Data exclusion. (a) Finding the optimal amplitude exclusion threshold (ATexc). The ATexc was varied to calculate the sensitivity and specificity for 80 pooled (biceps and gastrocnemius) one-minute recordings. Boxes represent median and inter-quartile range (IQR). Whiskers represent (upper quartile + 1.5 * IQR) and (lower quartile − 1.5 * IQR) according to Tukey’s method. Data points beyond this range are plotted individually. (b) ATexc example - part 1. One minute of amplitude inclusion thresholds (linearly related to noise levels), showing a burst in noise levels between 1535–1540 s. Amplitude exclusion threshold of 100 μV (red line) applied to exclude shaded region. (c) ATexc example - part 2. Corresponding one minute of super-channel recording, showing exclusion of noisy period. Fasciculation count (369), time analysed (0.917 m) and fasciculation frequency (403/m) have been automatically adjusted. (For interpretation of the references to colour in this figure legend, the reader is referred to the web version of this article.)

Fig. 5

Application of the analytical pipeline. (a) FPs from raw data.

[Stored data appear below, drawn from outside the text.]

(* Let $N\ge 2$, let $D^N_1,\ldots,D^N_N$ satisfy (A1)–(A3) below, let lower-level demands $D^n_i$ be defined by the consistency recursion below and satisfy (A4), and let costs satisfy $0\le s_1\le s_2\le\cdots\le s_N$. Fix $n\in\{1,\ldots,N-1\}$ and prices $p_1,\ldots,p_{n-1}\ge 0$. If $D^n_n(p_1,\ldots,p_{n-1},s_n)\le 0$, then $D^{n+1}_{n+1}(p_1,\ldots,p_{n-1},s_n,s_{n+1})\le 0$.
   Context: (A1) Each $D_i^N:\mathbb{R}_+^N\to\mathbb{R}$ is smooth, $D_N^N(0,\ldots,0)>0$, $\partial D_i^N/\partial p_i<0$, $\partial D_i^N/\partial p_j>0$ for $j\ne i$. (A2) Exchangeability: $D_i^N(p_1,\ldots,p_i,\ldots,p_j,\ldots,p_N)=D_j^N(p_1,\ldots,p_j,\ldots,p_i,\ldots,p_N)$ for all $i,j$ (entries $i,j$ swapped). (A3) For every $i$ and every vector of other prices there is a finite choke price at which $D_i^N=0$. Consistency recursion: for $n=N-1,\ldots,1$, $D_i^n(p_1,\ldots,p_n)=D_i^{n+1}(p_1,\ldots,p_n,\hat p_{n+1})$ for $i\le n$, where $\hat p_{n+1}(p_1,\ldots,p_n)$ is the unique price with $D^{n+1}_{n+1}(p_1,\ldots,p_n,\hat p_{n+1})=0$. (A4) $\partial D^n_i/\partial p_i<0$ for all $n\le N-1$, $i\le n$. *)

theory Defs
  imports "HOL-Analysis.Analysis"
begin

text \<open>Price vectors are functions nat => real; a price vector of an n-firm market
  uses coordinates 1..n, all other coordinates are 0.  A demand system is a family
  D :: nat => nat => (nat => real) => real, where D n i p is the demand of firm i in
  the n-firm market at prices p.\<close>

definition orthant :: "nat \<Rightarrow> (nat \<Rightarrow> real) set" where
  "orthant n = {p. (\<forall>i. 1 \<le> i \<and> i \<le> n \<longrightarrow> 0 \<le> p i) \<and> (\<forall>i. (i = 0 \<or> n < i) \<longrightarrow> p i = 0)}"

definition partial :: "nat \<Rightarrow> ((nat \<Rightarrow> real) \<Rightarrow> real) \<Rightarrow> (nat \<Rightarrow> real) \<Rightarrow> real" where
  "partial i f p = deriv (\<lambda>t. f (p(i := t))) (p i)"

definition smooth_on_orthant :: "nat \<Rightarrow> ((nat \<Rightarrow> real) \<Rightarrow> real) \<Rightarrow> bool" where
  "smooth_on_orthant N f \<longleftrightarrow>
     (\<forall>js. set js \<subseteq> {1..N} \<longrightarrow>
        continuous_on (orthant N) (fold partial js f) \<and>
        (\<forall>p\<in>orthant N. \<forall>i\<in>{1..N}. (\<lambda>t. fold partial js f (p(i := t))) differentiable (at (p i))))"

definition choke_price :: "(nat \<Rightarrow> nat \<Rightarrow> (nat \<Rightarrow> real) \<Rightarrow> real) \<Rightarrow> nat \<Rightarrow> (nat \<Rightarrow> real) \<Rightarrow> real" where
  "choke_price D m p = (THE q. 0 \<le> q \<and> D (Suc m) (Suc m) (p(Suc m := q)) = 0)"

definition consistent :: "(nat \<Rightarrow> nat \<Rightarrow> (nat \<Rightarrow> real) \<Rightarrow> real) \<Rightarrow> nat \<Rightarrow> bool" where
  "consistent D N \<longleftrightarrow>
     (\<forall>m. 1 \<le> m \<and> m < N \<longrightarrow> (\<forall>p\<in>orthant m.
        (\<exists>!q. 0 \<le> q \<and> D (Suc m) (Suc m) (p(Suc m := q)) = 0) \<and>
        (\<forall>i. 1 \<le> i \<and> i \<le> m \<longrightarrow> D m i p = D (Suc m) i (p(Suc m := choke_price D m p)))))"

end

theory Submission
  imports Defs
begin

text \<open>Let \<open>c\<close> be the choke price of the entrant n+1 when the incumbents charge \<open>q\<close>, with
  \<open>q n = s n\<close>. If \<open>c \<le> s (n+1)\<close>, the entrant's demand at \<open>s (n+1)\<close> is below its demand at
  \<open>c\<close>, which is zero. Otherwise, lowering the entrant's price to \<open>s n\<close> raises its demand;
  there the two firms charge the same price, so by symmetry the entrant's demand equals
  that of firm n, and raising the entrant's price from \<open>s n\<close> up to \<open>c\<close> raises firm n's demand
  to \<open>D n n q \<le> 0\<close>. Cross monotonicity and symmetry hold at every level because they
  are inherited along the consistency recursion; for cross monotonicity this rests on the
  choke price being increasing in the other prices.\<close>

lemma orthant_nonneg: "q \<in> orthant m \<Longrightarrow> 1 \<le> j \<Longrightarrow> j \<le> m \<Longrightarrow> 0 \<le> q j"
  unfolding orthant_def by auto

lemma orthant_upd: "q \<in> orthant m \<Longrightarrow> 1 \<le> j \<Longrightarrow> j \<le> m \<Longrightarrow> 0 \<le> t \<Longrightarrow> q(j := t) \<in> orthant m"
  unfolding orthant_def by auto

lemma orthant_extend: "q \<in> orthant m \<Longrightarrow> 0 \<le> t \<Longrightarrow> q(Suc m := t) \<in> orthant (Suc m)"
  unfolding orthant_def by auto

lemma choke_price:
  assumes "consistent D N" and "1 \<le> m" and "m < N" and "q \<in> orthant m"
  shows choke_price_nonneg: "0 \<le> choke_price D m q"
    and demand_at_choke_price: "D (Suc m) (Suc m) (q(Suc m := choke_price D m q)) = 0"
    and demand_eq_at_choke_price:
      "\<And>i. 1 \<le> i \<Longrightarrow> i \<le> m \<Longrightarrow> D m i q = D (Suc m) i (q(Suc m := choke_price D m q))"
proof -
  note at_m = assms(1)[unfolded consistent_def, rule_format, OF conjI[OF assms(2,3)] assms(4)]
  from at_m have "0 \<le> choke_price D m q \<and> D (Suc m) (Suc m) (q(Suc m := choke_price D m q)) = 0"
    unfolding choke_price_def by (rule theI'[OF conjunct1])
  then show "0 \<le> choke_price D m q" "D (Suc m) (Suc m) (q(Suc m := choke_price D m q)) = 0"
    by auto
  show "D m i q = D (Suc m) i (q(Suc m := choke_price D m q))" if "1 \<le> i" "i \<le> m" for i
    using at_m that by blast
qed

lemma has_real_derivative_partial:
  assumes "smooth_on_orthant N f" and "p \<in> orthant N" and "1 \<le> i" and "i \<le> N"
  shows "((\<lambda>t. f (p(i := t))) has_real_derivative partial i f p) (at (p i))"
proof -
  have "(\<lambda>t. fold partial [] f (p(i := t))) differentiable (at (p i))"
    using assms unfolding smooth_on_orthant_def by (metis atLeastAtMost_iff empty_set empty_subsetI)
  then show ?thesis
    unfolding partial_def by (simp add: DERIV_deriv_iff_real_differentiable)
qed

definition own_price_decreasing :: "(nat \<Rightarrow> nat \<Rightarrow> (nat \<Rightarrow> real) \<Rightarrow> real) \<Rightarrow> nat \<Rightarrow> bool" where
  "own_price_decreasing D m \<longleftrightarrow>
     (\<forall>i q a b. 1 \<le> i \<and> i \<le> m \<and> q \<in> orthant m \<and> 0 \<le> a \<and> a < b \<longrightarrow>
        D m i (q(i := b)) < D m i (q(i := a)))"

definition cross_price_increasing :: "(nat \<Rightarrow> nat \<Rightarrow> (nat \<Rightarrow> real) \<Rightarrow> real) \<Rightarrow> nat \<Rightarrow> bool" where
  "cross_price_increasing D m \<longleftrightarrow>
     (\<forall>i j q t. 1 \<le> i \<and> i \<le> m \<and> 1 \<le> j \<and> j \<le> m \<and> i \<noteq> j \<and> q \<in> orthant m \<and> q j \<le> t \<longrightarrow>
        D m i q \<le> D m i (q(j := t)))"

definition symmetric_on_ties :: "(nat \<Rightarrow> nat \<Rightarrow> (nat \<Rightarrow> real) \<Rightarrow> real) \<Rightarrow> nat \<Rightarrow> bool" where
  "symmetric_on_ties D m \<longleftrightarrow>
     (\<forall>i j q. 1 \<le> i \<and> i \<le> m \<and> 1 \<le> j \<and> j \<le> m \<and> q \<in> orthant m \<and> q i = q j \<longrightarrow>
        D m i q = D m j q)"

lemma own_price_decreasingD:
  "own_price_decreasing D m \<Longrightarrow> 1 \<le> i \<Longrightarrow> i \<le> m \<Longrightarrow> q \<in> orthant m \<Longrightarrow> 0 \<le> a \<Longrightarrow> a < b \<Longrightarrow>
     D m i (q(i := b)) < D m i (q(i := a))"
  unfolding own_price_decreasing_def by blast

lemma own_price_decreasing_le:
  "own_price_decreasing D m \<Longrightarrow> 1 \<le> i \<Longrightarrow> i \<le> m \<Longrightarrow> q \<in> orthant m \<Longrightarrow> 0 \<le> a \<Longrightarrow> a \<le> b \<Longrightarrow>
     D m i (q(i := b)) \<le> D m i (q(i := a))"
  by (metis order_le_less own_price_decreasingD)

lemma cross_price_increasingD:
  "cross_price_increasing D m \<Longrightarrow> 1 \<le> i \<Longrightarrow> i \<le> m \<Longrightarrow> 1 \<le> j \<Longrightarrow> j \<le> m \<Longrightarrow> i \<noteq> j \<Longrightarrow>
     q \<in> orthant m \<Longrightarrow> q j \<le> t \<Longrightarrow> D m i q \<le> D m i (q(j := t))"
  unfolding cross_price_increasing_def by blast

lemma symmetric_on_tiesD:
  "symmetric_on_ties D m \<Longrightarrow> 1 \<le> i \<Longrightarrow> i \<le> m \<Longrightarrow> 1 \<le> j \<Longrightarrow> j \<le> m \<Longrightarrow> q \<in> orthant m \<Longrightarrow>
     q i = q j \<Longrightarrow> D m i q = D m j q"
  unfolding symmetric_on_ties_def by blast

lemma own_price_decreasing_if_deriv_neg:
  assumes "\<And>i q. 1 \<le> i \<Longrightarrow> i \<le> m \<Longrightarrow> q \<in> orthant m \<Longrightarrow>
             \<exists>d<0. ((\<lambda>t. D m i (q(i := t))) has_real_derivative d) (at (q i))"
  shows "own_price_decreasing D m"
  unfolding own_price_decreasing_def
proof (intro allI impI, elim conjE)
  fix i q and a b :: real
  assume "1 \<le> i" "i \<le> m" "q \<in> orthant m" "0 \<le> a" "a < b"
  have "(\<lambda>t. D m i (q(i := t))) b < (\<lambda>t. D m i (q(i := t))) a"
  proof (rule DERIV_neg_imp_decreasing[OF \<open>a < b\<close>])
    fix x assume "a \<le> x" "x \<le> b"
    with \<open>0 \<le> a\<close> have "q(i := x) \<in> orthant m"
      using \<open>1 \<le> i\<close> \<open>i \<le> m\<close> \<open>q \<in> orthant m\<close> by (simp add: orthant_upd)
    from assms[OF \<open>1 \<le> i\<close> \<open>i \<le> m\<close> this]
    show "\<exists>y. ((\<lambda>t. D m i (q(i := t))) has_real_derivative y) (at x) \<and> y < 0"
      by auto
  qed
  then show "D m i (q(i := b)) < D m i (q(i := a))" by simp
qed

lemma cross_price_increasing_if_partial_pos:
  assumes smooth: "\<And>i. 1 \<le> i \<Longrightarrow> i \<le> N \<Longrightarrow> smooth_on_orthant N (D N i)"
    and pos: "\<And>i j p. 1 \<le> i \<Longrightarrow> i \<le> N \<Longrightarrow> 1 \<le> j \<Longrightarrow> j \<le> N \<Longrightarrow> i \<noteq> j \<Longrightarrow>
                p \<in> orthant N \<Longrightarrow> partial j (D N i) p > 0"
  shows "cross_price_increasing D N"
  unfolding cross_price_increasing_def
proof (intro allI impI, elim conjE)
  fix i j q and t :: real
  assume ij: "1 \<le> i" "i \<le> N" "1 \<le> j" "j \<le> N" "i \<noteq> j" and q: "q \<in> orthant N" and "q j \<le> t"
  show "D N i q \<le> D N i (q(j := t))"
  proof (cases "q j = t")
    case True
    then show ?thesis by (simp add: fun_upd_idem)
  next
    case False
    with \<open>q j \<le> t\<close> have "q j < t" by simp
    have "(\<lambda>x. D N i (q(j := x))) (q j) < (\<lambda>x. D N i (q(j := x))) t"
    proof (rule DERIV_pos_imp_increasing[OF \<open>q j < t\<close>])
      fix x assume "q j \<le> x" "x \<le> t"
      have qx: "q(j := x) \<in> orthant N"
        using orthant_upd[OF q \<open>1 \<le> j\<close> \<open>j \<le> N\<close>] orthant_nonneg[OF q \<open>1 \<le> j\<close> \<open>j \<le> N\<close>]
          \<open>q j \<le> x\<close> by simp
      have "((\<lambda>y. D N i (q(j := y))) has_real_derivative partial j (D N i) (q(j := x))) (at x)"
        using has_real_derivative_partial[OF smooth qx, of i j] ij by simp
      with pos[OF ij qx] show "\<exists>y. ((\<lambda>y. D N i (q(j := y))) has_real_derivative y) (at x) \<and> y > 0"
        by blast
    qed
    then show ?thesis by simp
  qed
qed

Black bar indicates 5 ms duration. (b) Example raw data. 60 s of raw data from gastrocnemius of ALS patient 3. (c) Example SPiQE output. Super-channel of corresponding 60 s of data in ‘b’ after application of optimal analytical pipeline. (d) Model performance. The optimal model (Y = 8X) has been applied to 80 one-minute recordings and compared with high precision manual counts. Medians and 95% confidence intervals plotted. Wilcoxon signed-rank test confirms no significant difference (p = 0.394).